▶ Assignment
Find the word "that" in the listing. Copy out each line where it occurs.

##############################

(* Let $\Omega$ be a bounded domain in $\mathbb{R}^n$ (or $\mathbb{C}^n$), let $x\in\overline\Omega$, and let $\mathcal{E}$ be a closed subspace of $\mathcal{C}(\overline\Omega)$ (with the sup-norm). Suppose there exist constants $0<\alpha<1$, $0<s\leq 1$, $0<t<1$, $0<A<1$ and $C>0$ such that for each neighbourhood $U$ of $x$ (in $\overline\Omega$) with $\mathrm{r}_x(U)<1$, there exists a function $f_U\in\mathcal{E}$ with the properties 1) $f_U(x)=1$; 2) $|f_U(y)|\leq\alpha$ for all $y\in\overline\Omega\setminus U$; 3) $|f_U(y)|\leq C\,\big(\log[1/\mathrm{r}_x(U)]\big)^t$ for all $y\in U$; and 4) $\{y\in\overline\Omega : |f_U(y)|<1+\varepsilon^s\}\supset B(x;A\,\mathrm{r}_x(U)\,\varepsilon)$ for every $0<\varepsilon<1$. Then there exists a function $F\in\mathcal{E}$ which peaks at $x$.
   Context: $\mathcal{C}(\overline\Omega)$ denotes the space of all complex-valued continuous functions on $\overline\Omega$. For a set $U$ containing $x$, $\mathrm{r}_x(U):=\sup_{y\in U}|y-x|$, where $|\cdot|$ is the Euclidean norm. For $y\in\overline\Omega$ and $r>0$, $B(y;r):=\overline\Omega\cap\mathbb{B}(y;r)$, where $\mathbb{B}(y;r)$ is the open Euclidean ball of center $y$ and radius $r$. A function $f\in\mathcal{E}$ is said to peak at $x$ if $f(x)=1$ and $|f(y)|<1$ for all $y\in\overline\Omega\setminus\{x\}$. *)

theory Defs
  imports "HOL-Analysis.Analysis"
begin

text \<open>Elements of C(closure Omega) are represented by functions 'a => complex that are
  continuous on closure Omega and vanish outside closure Omega (canonical representatives).\<close>
definition cfun_space :: "'a::euclidean_space set \<Rightarrow> ('a \<Rightarrow> complex) set" where
  "cfun_space \<Omega> = {f. continuous_on (closure \<Omega>) f \<and> (\<forall>y. y \<notin> closure \<Omega> \<longrightarrow> f y = 0)}"

definition closed_subspace_C :: "'a::euclidean_space set \<Rightarrow> ('a \<Rightarrow> complex) set \<Rightarrow> bool" where
  "closed_subspace_C \<Omega> E \<longleftrightarrow>
     E \<subseteq> cfun_space \<Omega> \<and>
     (\<lambda>y. 0) \<in> E \<and>
     (\<forall>f\<in>E. \<forall>g\<in>E. (\<lambda>y. f y + g y) \<in> E) \<and>
     (\<forall>c::complex. \<forall>f\<in>E. (\<lambda>y. c * f y) \<in> E) \<and>
     (\<forall>f\<in>cfun_space \<Omega>.
        (\<forall>e>0. \<exists>g\<in>E. \<forall>y\<in>closure \<Omega>. cmod (f y - g y) \<le> e) \<longrightarrow> f \<in> E)"

definition nbhd_in_closure :: "'a::euclidean_space set \<Rightarrow> 'a \<Rightarrow> 'a set \<Rightarrow> bool" where
  "nbhd_in_closure \<Omega> x U \<longleftrightarrow> U \<subseteq> closure \<Omega> \<and>
     (\<exists>V. open V \<and> x \<in> V \<and> closure \<Omega> \<inter> V \<subseteq> U)"

definition rx :: "'a::euclidean_space \<Rightarrow> 'a set \<Rightarrow> real" where
  "rx x U = (SUP y\<in>U. dist y x)"

definition Bcl :: "'a::euclidean_space set \<Rightarrow> 'a \<Rightarrow> real \<Rightarrow> 'a set" where
  "Bcl \<Omega> y r = closure \<Omega> \<inter> ball y r"

definition peaks_at :: "'a::euclidean_space set \<Rightarrow> ('a \<Rightarrow> complex) \<Rightarrow> 'a \<Rightarrow> bool" where
  "peaks_at \<Omega> f x \<longleftrightarrow> f x = 1 \<and> (\<forall>y\<in>closure \<Omega> - {x}. cmod (f y) < 1)"

end

theory Submission
  imports Defs "HOL-Real_Asymp.Real_Asymp"
begin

##############################

▶ Solution below
(* Let $\Omega$ be a bounded domain in $\mathbb{R}^n$ (or $\mathbb{C}^n$), let $x\in\overline\Omega$, and let $\mathcal{E}$ be a closed subspace of $\mathcal{C}(\overline\Omega)$ (with the sup-norm). Suppose there exist constants $0<\alpha<1$, $0<s\leq 1$, $0<t<1$, $0<A<1$ and $C>0$ such that for each neighbourhood $U$ of $x$ (in $\overline\Omega$) with $\mathrm{r}_x(U)<1$, there exists a function $f_U\in\mathcal{E}$ with the properties 1) $f_U(x)=1$; 2) $|f_U(y)|\leq\alpha$ for all $y\in\overline\Omega\setminus U$; 3) $|f_U(y)|\leq C\,\big(\log[1/\mathrm{r}_x(U)]\big)^t$ for all $y\in U$; and 4) $\{y\in\overline\Omega : |f_U(y)|<1+\varepsilon^s\}\supset B(x;A\,\mathrm{r}_x(U)\,\varepsilon)$ for every $0<\varepsilon<1$. Then there exists a function $F\in\mathcal{E}$ which peaks at $x$.
text \<open>Elements of C(closure Omega) are represented by functions 'a => complex that are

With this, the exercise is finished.